[RECORDS TO PROCESS — start]

lemma idem_mat_reindex:
  "inj_on f K \<Longrightarrow> idem_mat g (f ` K) A0 A = idem_mat (g \<circ> f) K A0 (A \<circ> f)"
  by (simp add: fun_eq_iff idem_mat_def idem_comb_def sum.reindex)

lemma idem_mat_single_elem:
  assumes "finite V" and "w \<in> V" and "p \<noteq> q"
  shows "idem_mat g V mone (\<lambda>v. if v = w then elem p q a else mone) = elem p q (of_int a * g w)"
proof (intro ext)
  fix i j
  have "(\<Sum>v\<in>V. of_int ((if v = w then elem p q a else mone) i j - mone i j) * g v)
      = (\<Sum>v\<in>V. if v = w then of_int (elem p q a i j - mone i j) * g w else 0)"
    by (intro sum.cong) auto
  also have "\<dots> = of_int (elem p q a i j - mone i j) * g w"
    using assms(1,2) by simp
  finally show "idem_mat g V mone (\<lambda>v. if v = w then elem p q a else mone) i j = elem p q (of_int a * g w) i j"
    using assms(3) unfolding idem_mat_def idem_comb_def by (auto simp: elem_def mone_def)
qed

lemma elementary_mod_idem_mat_single:
  assumes J: "is_ideal J" and fin: "finite V" and orth: "orth_idempotents J g V" and w: "w \<in> V"
    and X: "X \<in> elem_group n"
  shows "elementary_mod J n (idem_mat g V mone (\<lambda>v. if v = w then X else mone))"
  using X
proof induction
  case one
  then show ?case
    using elementary_mod_mone[OF J] by (simp add: idem_mat_mone)
next
  case (step W p q a)
  note mcong_trans[OF J, trans]
  have "mcong J n (idem_mat g V mone (\<lambda>v. if v = w then mmul n (elem p q a) W else mone))
      (idem_mat g V (mmul n mone mone)
        (\<lambda>v. mmul n (if v = w then elem p q a else mone) (if v = w then W else mone)))"
    by (intro mcong_eq[OF J] idem_mat_cong) (auto simp: mmul_mone_left)
  also have "mcong J n \<dots> (mmul n (idem_mat g V mone (\<lambda>v. if v = w then elem p q a else mone))
      (idem_mat g V mone (\<lambda>v. if v = w then W else mone)))"
    by (rule mcong_sym[OF J idem_mat_mult[OF J fin orth]])
  also have "\<dots> = mmul n (elem p q (of_int a * g w)) (idem_mat g V mone (\<lambda>v. if v = w then W else mone))"
    using fin w step(4) by (simp add: idem_mat_single_elem)
  finally show ?case
    by (rule elementary_mod_cong[OF J]) (use step in \<open>auto intro: elementary_mod_elem_mmul[OF J]\<close>)
qed

lemma elementary_mod_idem_mat:
  assumes J: "is_ideal J" and fin: "finite V" and orth: "orth_idempotents J g V"
    and A: "\<And>v. v \<in> V \<Longrightarrow> elementary_mod {0::int} n (A v)"
  shows "elementary_mod J n (idem_mat g V mone A)"
proof -
  note mcong_trans[OF J, trans]
  obtain W where W: "\<And>v. v \<in> V \<Longrightarrow> W v \<in> elem_group n \<and> mcong {0} n (A v) (W v)"
    using A unfolding elementary_mod_def by metis
  have "elementary_mod J n (idem_mat g V mone (\<lambda>v. if v \<in> F then W v else mone))" if "F \<subseteq> V" for F
    using finite_subset[OF that fin] that
  proof (induction F rule: finite_subset_induct)
    case empty
    then show ?case
      using elementary_mod_mone[OF J] by (simp add: idem_mat_mone)
  next
    case (insert w F)
    have "mcong J n (idem_mat g V mone (\<lambda>v. if v \<in> insert w F then W v else mone))
        (idem_mat g V (mmul n mone mone)
          (\<lambda>v. mmul n (if v = w then W w else mone) (if v \<in> F then W v else mone)))"
      using insert.hyps(3) by (intro mcong_eq[OF J] idem_mat_cong) (auto simp: mmul_mone_left mmul_mone_right)
    also have "mcong J n \<dots> (mmul n (idem_mat g V mone (\<lambda>v. if v = w then W w else mone))
        (idem_mat g V mone (\<lambda>v. if v \<in> F then W v else mone)))"
      by (rule mcong_sym[OF J idem_mat_mult[OF J fin orth]])
    finally show ?case
      by (rule elementary_mod_cong[OF J])
        (use insert W in \<open>auto intro: elementary_mod_mmul[OF J] elementary_mod_idem_mat_single[OF J fin orth]\<close>)
  qed
  moreover have "mcong J n (idem_mat g V mone A) (idem_mat g V mone (\<lambda>v. if v \<in> V then W v else mone))"
    using W by (intro mcong_eq[OF J] idem_mat_cong) (auto simp: mcong_def)
  ultimately show ?thesis
    using elementary_mod_cong[OF J] by blast
qed

lemma idem_mat_zero_perm_mat_apply:
  "idem_mat g V 0 (\<lambda>v. perm_mat (Z v) (\<sigma> v)) i j = (\<Sum>v\<in>V. if i \<in> Z v \<and> j = \<sigma> v i then g v else 0)"
  unfolding idem_mat_def idem_comb_def perm_mat_def by (auto intro!: sum.cong)
lemma snowflake_diameter_bound:
  fixes d :: "'a \<Rightarrow> 'a \<Rightarrow> real" and f :: "'a \<Rightarrow> 'b::metric_space"
  assumes f: "distortion_le (\<lambda>x y. d x y powr (1 - e)) A dist f D"
    and e: "0 \<le> e" and D: "0 \<le> D" and R: "1 \<le> R"
    and sep: "\<And>x y. x \<in> A \<Longrightarrow> y \<in> A \<Longrightarrow> x \<noteq> y \<Longrightarrow> 1 \<le> d x y"
    and z: "z \<in> A" and ball: "\<And>x. x \<in> A \<Longrightarrow> d z x < R"
    and xy: "x \<in> A" "y \<in> A"
  shows "d x y powr (1 - e) \<le> 2 * D * R"
proof -
  obtain C where C: "C > 0" and bounds: "\<And>a b. a \<in> A \<Longrightarrow> b \<in> A \<Longrightarrow>
      C * d a b powr (1 - e) \<le> dist (f a) (f b) \<and> dist (f a) (f b) \<le> C * D * d a b powr (1 - e)"
    using f unfolding distortion_le_def by blast
  have from_centre: "dist (f z) (f a) \<le> C * D * R" if a: "a \<in> A" for a
  proof (cases "a = z")
    case True
    then show ?thesis using C D R by simp
  next
    case False
    have "d z a powr (1 - e) \<le> R"
      using powr_one_minus_le_self[OF sep[OF z a] e] ball[OF a] False by fastforce
    then have "C * D * d z a powr (1 - e) \<le> C * D * R"
      using C D by (simp add: mult_left_mono)
    then show ?thesis using bounds[OF z a] by linarith
  qed
  have "C * d x y powr (1 - e) \<le> dist (f x) (f y)"
    using bounds[OF xy] by blast
  also have "\<dots> \<le> 2 * (C * D * R)"
    using dist_triangle3[of "f x" "f y" "f z"] from_centre[OF xy(1)] from_centre[OF xy(2)]
    by (simp add: dist_commute)
  finally show ?thesis
    using C by (simp add: mult.assoc)
qed

lemma distortion_le_of_snowflake_on_separated:
  fixes d :: "'a \<Rightarrow> 'a \<Rightarrow> real" and f :: "'a \<Rightarrow> 'b::metric_space"
  assumes f: "distortion_le (\<lambda>x y. d x y powr (1 - e)) A dist f D"
    and e: "0 \<le> e" "e \<le> 1/2"
    and sep: "\<And>x y. x \<in> A \<Longrightarrow> y \<in> A \<Longrightarrow> x \<noteq> y \<Longrightarrow> 1 \<le> d x y"
    and M: "1 \<le> M" "\<And>x y. x \<in> A \<Longrightarrow> y \<in> A \<Longrightarrow> d x y powr (1 - e) \<le> M"
    and D': "D * M powr (2 * e) \<le> D'"
  shows "distortion_le d A dist f D'"
proof -
  obtain C where C: "C > 0" and bounds: "\<And>a b. a \<in> A \<Longrightarrow> b \<in> A \<Longrightarrow>
      C * d a b powr (1 - e) \<le> dist (f a) (f b) \<and> dist (f a) (f b) \<le> C * D * d a b powr (1 - e)"
    using f unfolding distortion_le_def by blast
  define S where "S = M powr (2 * e)"
  have S: "S > 0" using M(1) by (simp add: S_def)
  have "C / S * d x y \<le> dist (f x) (f y) \<and> dist (f x) (f y) \<le> C / S * D' * d x y"
    if xy: "x \<in> A" "y \<in> A" for x y
  proof (cases "x = y")
    case True
    then show ?thesis using snowflake_dist_refl[OF f xy(1)] by simp
  next
    case False
    define t where "t = d x y"
    have t: "1 \<le> t" using sep[OF xy False] by (simp add: t_def)
    have "t powr (1 - e) \<le> M"
      using M(2)[OF xy] by (simp add: t_def)
    then have "t \<le> S * t powr (1 - e)"
      unfolding S_def by (rule le_powr_mult_powr_one_minus[OF t e])
    then have lower: "C / S * t \<le> C * t powr (1 - e)"
      using C S by (simp add: field_simps)
    have "C * t powr (1 - e) \<le> (C * D) * t powr (1 - e)"
      using bounds[OF xy] by (simp add: t_def)
    then have "C \<le> C * D"
      using t by (simp add: mult_le_cancel_right)
    then have "C * D * t powr (1 - e) \<le> C * D * t"
      using C powr_one_minus_le_self[OF t e(1)] by (intro mult_left_mono) auto
    also have "\<dots> = C / S * (D * S) * t"
      using S by simp
    also have "\<dots> \<le> C / S * D' * t"
      using C S t D' by (intro mult_right_mono mult_left_mono) (auto simp: S_def)
    finally have upper: "C * D * t powr (1 - e) \<le> C / S * D' * t" .
    show ?thesis
      using bounds[OF xy] lower upper unfolding t_def by linarith
  qed
  then show ?thesis
    unfolding distortion_le_def using C S by (intro exI[of _ "C / S"]) auto
qed

lemma ln_gt_half: "2 \<le> (R::real) \<Longrightarrow> 1/2 < ln R"
  using ln2_ge_two_thirds ln_le_cancel_iff[of 2 R] by linarith

text \<open>This choice of \<open>e\<close> makes \<open>R powr (4 * e) = exp 1\<close>, which keeps the snowflake
  correction factor \<open>M powr (2 * e)\<close> bounded.\<close>

lemma log_scale_distortion_bound:
  fixes K R e :: real
  assumes K: "0 < K" and R: "2 \<le> R" and e: "e = 1 / (4 * ln R)"
  defines "D \<equiv> K * e powr (-1/2)"
  shows "0 < e" "e < 1/2" "0 \<le> D"
    and "D * max 1 (2 * D * R) powr (2 * e) \<le> 2 * exp 1 * K * max 1 (4 * K) * sqrt (ln R)"
proof -
  have lnR: "1/2 < ln R" using ln_gt_half[OF R] .
  show e0: "0 < e" and e12: "e < 1/2"
    using lnR by (simp_all add: e field_simps)
  have "e powr (-1/2) = (4 * ln R) powr (1/2)"
    using lnR by (simp add: e powr_minus_divide powr_divide)
  also have "\<dots> = 2 * sqrt (ln R)"
    using lnR by (simp add: powr_half_sqrt real_sqrt_mult)
  finally have D: "D = 2 * K * sqrt (ln R)"
    by (simp add: D_def)
  then show "0 \<le> D" using K lnR by simp
  have "R \<le> R\<^sup>2"
    using R by (simp add: power2_eq_square)
  then have "ln R \<le> R\<^sup>2"
    using ln_le_minus_one[of R] R by linarith
  then have "sqrt (ln R) \<le> R"
    using R real_sqrt_le_mono by fastforce
  then have "2 * D * R \<le> 4 * K * R\<^sup>2"
    using D K R by (simp add: power2_eq_square)
  also have "\<dots> \<le> max 1 (4 * K) * R\<^sup>2"
    by (intro mult_right_mono) auto
  finally have "max 1 (2 * D * R) \<le> max 1 (4 * K) * R\<^sup>2"
    using R by (simp add: mult_ge1_I one_le_power)
  then have "max 1 (2 * D * R) powr (2 * e) \<le> (max 1 (4 * K) * R\<^sup>2) powr (2 * e)"
    using e0 by (intro powr_mono2) auto
  also have "\<dots> = max 1 (4 * K) powr (2 * e) * R powr (4 * e)"
  proof -
    have "R\<^sup>2 = R powr 2" using R by simp
    then have "R\<^sup>2 powr (2 * e) = R powr (4 * e)" by (simp add: powr_powr)
    then show ?thesis by (simp add: powr_mult)
  qed
  also have "R powr (4 * e) = exp 1"
    using R lnR by (simp add: powr_def e)
  also have "max 1 (4 * K) powr (2 * e) \<le> max 1 (4 * K)"
    using powr_mono[of "2 * e" 1 "max 1 (4 * K)"] e12 by simp
  finally have "max 1 (2 * D * R) powr (2 * e) \<le> max 1 (4 * K) * exp 1"
    by simp
  then show "D * max 1 (2 * D * R) powr (2 * e) \<le> 2 * exp 1 * K * max 1 (4 * K) * sqrt (ln R)"
    using mult_left_mono[of _ _ D] D K lnR by (simp add: algebra_simps)
qed

lemma distortion_le_on_separated_ball:
  fixes d :: "'a \<Rightarrow> 'a \<Rightarrow> real" and f :: "'a \<Rightarrow> 'b::metric_space"
  assumes K: "0 < K" and R: "2 \<le> R" and e: "e = 1 / (4 * ln R)"
    and f: "distortion_le (\<lambda>x y. d x y powr (1 - e)) A dist f (K * e powr (-1/2))"
    and sep: "\<And>x y. x \<in> A \<Longrightarrow> y \<in> A \<Longrightarrow> x \<noteq> y \<Longrightarrow> 1 \<le> d x y"
    and z: "z \<in> A" and ball: "\<And>x. x \<in> A \<Longrightarrow> d z x < R"
  shows "distortion_le d A dist f (2 * exp 1 * K * max 1 (4 * K) * sqrt (ln R))"
proof -
  define D where "D = K * e powr (-1/2)"
  note scale = log_scale_distortion_bound[OF K R e, folded D_def]
  have "d x y powr (1 - e) \<le> max 1 (2 * D * R)" if "x \<in> A" "y \<in> A" for x y
    using snowflake_diameter_bound[OF f[folded D_def] _ scale(3) _ sep z ball that] scale(1) R
    by (simp add: max.coboundedI2)
  then show ?thesis
    using scale(1,2,4)
    by (intro distortion_le_of_snowflake_on_separated[OF f[folded D_def] _ _ sep]) auto
qed
definition degree :: "nat set set \<Rightarrow> nat \<Rightarrow> nat" where
  "degree G v = card {u. {u, v} \<in> G}"

definition max_degree :: "nat \<Rightarrow> nat set set \<Rightarrow> nat" where
  "max_degree n G = Max (insert 0 (degree G ` {1..n}))"

definition independent_set :: "nat set set \<Rightarrow> nat set \<Rightarrow> bool" where
  "independent_set G S \<longleftrightarrow> (\<forall>u\<in>S. \<forall>v\<in>S. {u, v} \<notin> G)"

definition indep_number :: "nat \<Rightarrow> nat set set \<Rightarrow> nat" where
  "indep_number n G = Max {card S | S. S \<subseteq> {1..n} \<and> independent_set G S}"

definition avg_degree :: "nat \<Rightarrow> nat set set \<Rightarrow> real" where
  "avg_degree n G = 2 * real (card G) / real n"

definition ex_P_K3 :: "nat \<Rightarrow> nat set set \<Rightarrow> nat" where
  "ex_P_K3 n P = Max {card G | G. graph_on n G \<and> triangle_free G \<and> P \<subseteq> G}"

definition constrained :: "real \<Rightarrow> real \<Rightarrow> nat \<Rightarrow> nat set set \<Rightarrow> bool" where
  "constrained \<beta>1 \<beta>2 n P \<longleftrightarrow>
     avg_degree n P > 1 \<and>
     real (indep_number n P) \<le> \<beta>1 * real n * ln (avg_degree n P) / avg_degree n P \<and>
     real (card P) * real (max_degree n P) \<le> (1/4 - \<beta>2) * (real n)^2"

end

theory Submission
  imports Defs "HOL-Analysis.Harmonic_Numbers"
begin

text \<open>Upper bound: if \<open>G \<supseteq> P\<close> is triangle-free, the \<open>G\<close>-neighbourhood of every vertex is
  independent in \<open>P\<close>, so \<open>2 e(G) = \<Sum>\<^sub>v deg\<^sub>G v \<le> n \<alpha>(P)\<close>.

  Lower bound: split \<open>[n]\<close> into halves \<open>A\<close>, \<open>B\<close> and take the pairs \<open>(a, b) \<in> A \<times> B\<close> without a
  common \<open>P\<close>-neighbour as candidate edges. Two candidates conflict if they span a triangle with an
  edge of \<open>P\<close>; the conflict graph is triangle-free, and a conflict-free set of candidates can be added
  to \<open>P\<close>. Shearer's bound \<open>\<alpha>(H) \<ge> \<Sum>\<^sub>v f(deg v)\<close> for triangle-free \<open>H\<close> holds because deleting the
  closed neighbourhood of a suitable vertex does not decrease \<open>1 + \<Sum>\<^sub>v f(deg v)\<close>: on average over
  the vertex the change is nonnegative. Since \<open>e(P) \<Delta>(P) \<le> n\<^sup>2/4\<close>, at most \<open>n\<^sup>2/8\<close> pairs of
  \<open>A \<times> B\<close> share a neighbour; the conflict degree of \<open>(a, b)\<close> is at most \<open>deg a + deg b\<close>, so by
  Markov's inequality \<open>n\<^sup>2/32\<close> candidates have conflict degree below \<open>32 d\<close>, and
  \<open>f(k) \<ge> ln k / (2k)\<close> yields \<open>ex\<^sub>P(n, K\<^sub>3) \<ge> n\<^sup>2 ln d / (2048 d)\<close>.\<close>

definition nbhd :: "'a set \<Rightarrow> ('a \<Rightarrow> 'a \<Rightarrow> bool) \<Rightarrow> 'a \<Rightarrow> 'a set" where
  "nbhd V E v = {u \<in> V. E v u}"

definition deg :: "'a set \<Rightarrow> ('a \<Rightarrow> 'a \<Rightarrow> bool) \<Rightarrow> 'a \<Rightarrow> nat" where
  "deg V E v = card (nbhd V E v)"

definition codeg :: "'a set \<Rightarrow> ('a \<Rightarrow> 'a \<Rightarrow> bool) \<Rightarrow> 'a \<Rightarrow> 'a \<Rightarrow> nat" where
  "codeg V E v w = card (nbhd V E v \<inter> nbhd V E w)"

lemma nbhd_subset: "nbhd V E v \<subseteq> V"
  by (auto simp: nbhd_def)
lemma outer_prod_mult_vec: "outer_prod w *v y = (w \<bullet> y) *\<^sub>R w"
  by (simp add: outer_prod_def vec_eq_iff matrix_vector_mult_def inner_vec_def sum_distrib_left mult_ac)

lemma trace_mult_outer_prod: "trace (Z ** outer_prod w) = (Z *v w) \<bullet> w"
  by (simp add: outer_prod_def trace_def matrix_matrix_mult_def matrix_vector_mult_def inner_vec_def
      sum_distrib_left mult_ac)

lemma transpose_add: "transpose (A + B) = transpose A + transpose B"
  by (simp add: transpose_def vec_eq_iff)

lemma transpose_diff: "transpose (A - B) = transpose A - transpose B"
  by (simp add: transpose_def vec_eq_iff)

lemma transpose_outer_prod [simp]: "transpose (outer_prod w) = outer_prod w"
  by (simp add: outer_prod_def transpose_def vec_eq_iff mult.commute)

lemma matrix_diff_ldistrib: "(A :: 'a::ring_1^'n^'m) ** (B - C) = A ** B - A ** C"
  by (simp add: vec_eq_iff matrix_matrix_mult_def sum_subtractf algebra_simps)

lemma matrix_diff_rdistrib: "((A :: 'a::ring_1^'n^'m) - B) ** C = A ** C - B ** C"
  by (simp add: vec_eq_iff matrix_matrix_mult_def sum_subtractf algebra_simps)

lemma trace_scaleR: "trace (c *\<^sub>R (A :: real^'n^'n)) = c * trace A"
  by (simp add: trace_def sum_distrib_left)

lemma matrix_inv_right:
  fixes M :: "real^'n^'n"
  assumes "invertible M"
  shows "M ** matrix_inv M = mat 1"
  using someI_ex[OF assms[unfolded invertible_def]] unfolding matrix_inv_def by auto

lemma matrix_inv_left:
  fixes M :: "real^'n^'n"
  assumes "invertible M"
  shows "matrix_inv M ** M = mat 1"
  using someI_ex[OF assms[unfolded invertible_def]] unfolding matrix_inv_def by auto

lemma transpose_matrix_inv_symmetric:
  fixes M :: "real^'n^'n"
  assumes "transpose M = M" and "invertible M"
  shows "transpose (matrix_inv M) = matrix_inv M"
proof -
  let ?X = "matrix_inv M"
  have "M ** transpose ?X = mat 1"
    using arg_cong[OF matrix_inv_left[OF assms(2)], of transpose]
    by (simp add: matrix_transpose_mul assms(1))
  then have "?X ** M ** transpose ?X = ?X"
    by (metis matrix_mul_assoc matrix_mul_rid)
  then show ?thesis
    by (simp add: matrix_inv_left[OF assms(2)])
qed

lemma invertible_if_coercive:
  fixes M :: "real^'n^'n"
  assumes "0 < r" and coercive: "\<forall>x. r * (x \<bullet> x) \<le> x \<bullet> (M *v x)"
  shows "invertible M"
proof -
  have "x = 0" if "M *v x = 0" for x
  proof -
    have "r * (x \<bullet> x) \<le> 0" using coercive that by (metis inner_zero_right)
    with \<open>0 < r\<close> have "x \<bullet> x \<le> 0" by (simp add: mult_le_0_iff)
    then show "x = 0" by (metis inner_ge_zero inner_eq_zero_iff order_antisym)
  qed
  then show ?thesis
    using matrix_left_invertible_ker invertible_left_inverse by blast
qed
(* Let $M\in\mathbf{F}_q[t]$ have degree $d\ge1$, $\chi$ a non-trivial Dirichlet character mod $M$ and $k\ge2$. Then for $n\ge2$, $$\sum_{n_1+n_2=n}Z_{k-1}(n_1,\chi)Z_1(n_2,\chi)=\frac{(-1)^kk}{(k-1)!}\Bigg\{\sum_{j=1}^{d_\chi}m_j(\chi)^k\frac{\alpha_j(\chi)^n(\log n)^{k-1}}n+O\Big(d^k\Big(k+\frac1{\gamma(\chi)}\Big)\frac{q^{n/2}(\log n)^{k-2}}n\Big)\Bigg\},$$ with an absolute implied constant.
   Context: For $\chi\ne\chi_0$ mod $M$, $\mathcal{L}(u,\chi)$ (with $\mathcal{L}(q^{-s},\chi)=\sum_{a\text{ monic}}\chi(a)q^{-s\deg a}$) is a polynomial of degree $\le d-1$; let $\alpha_j(\chi)=\sqrt qe^{i\gamma_j(\chi)}$, $\gamma_j(\chi)\in(-\pi,\pi)\setminus\{0\}$, $1\le j\le d_\chi$, be its distinct non-real inverse zeros of absolute value $\sqrt q$, with multiplicities $m_j(\chi)$. $\gamma(\chi)=\min_{1\le i\ne j\le d_\chi}\{|\gamma_i(\chi)-\gamma_j(\chi)|,|\gamma_i(\chi)|,|\pi-\gamma_i(\chi)|\}$. For $\ell\ge1$, $Z_\ell(n,\chi)=\frac{(-1)^\ell}{(\ell-1)!}\sum_{j=1}^{d_\chi}m_j(\chi)^\ell\frac{\alpha_j(\chi)^n(\log n)^{\ell-1}}n$. *)

theory Defs
  imports "HOL-Complex_Analysis.Complex_Analysis" "HOL-Algebra.Polynomial_Divisibility"
begin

[RECORDS TO PROCESS — finish]

TASK ITEM - Which of the lines above hold the word "induction"? Copy each one.

TASK RESULT -
proof induction
  proof (induction F rule: finite_subset_induct)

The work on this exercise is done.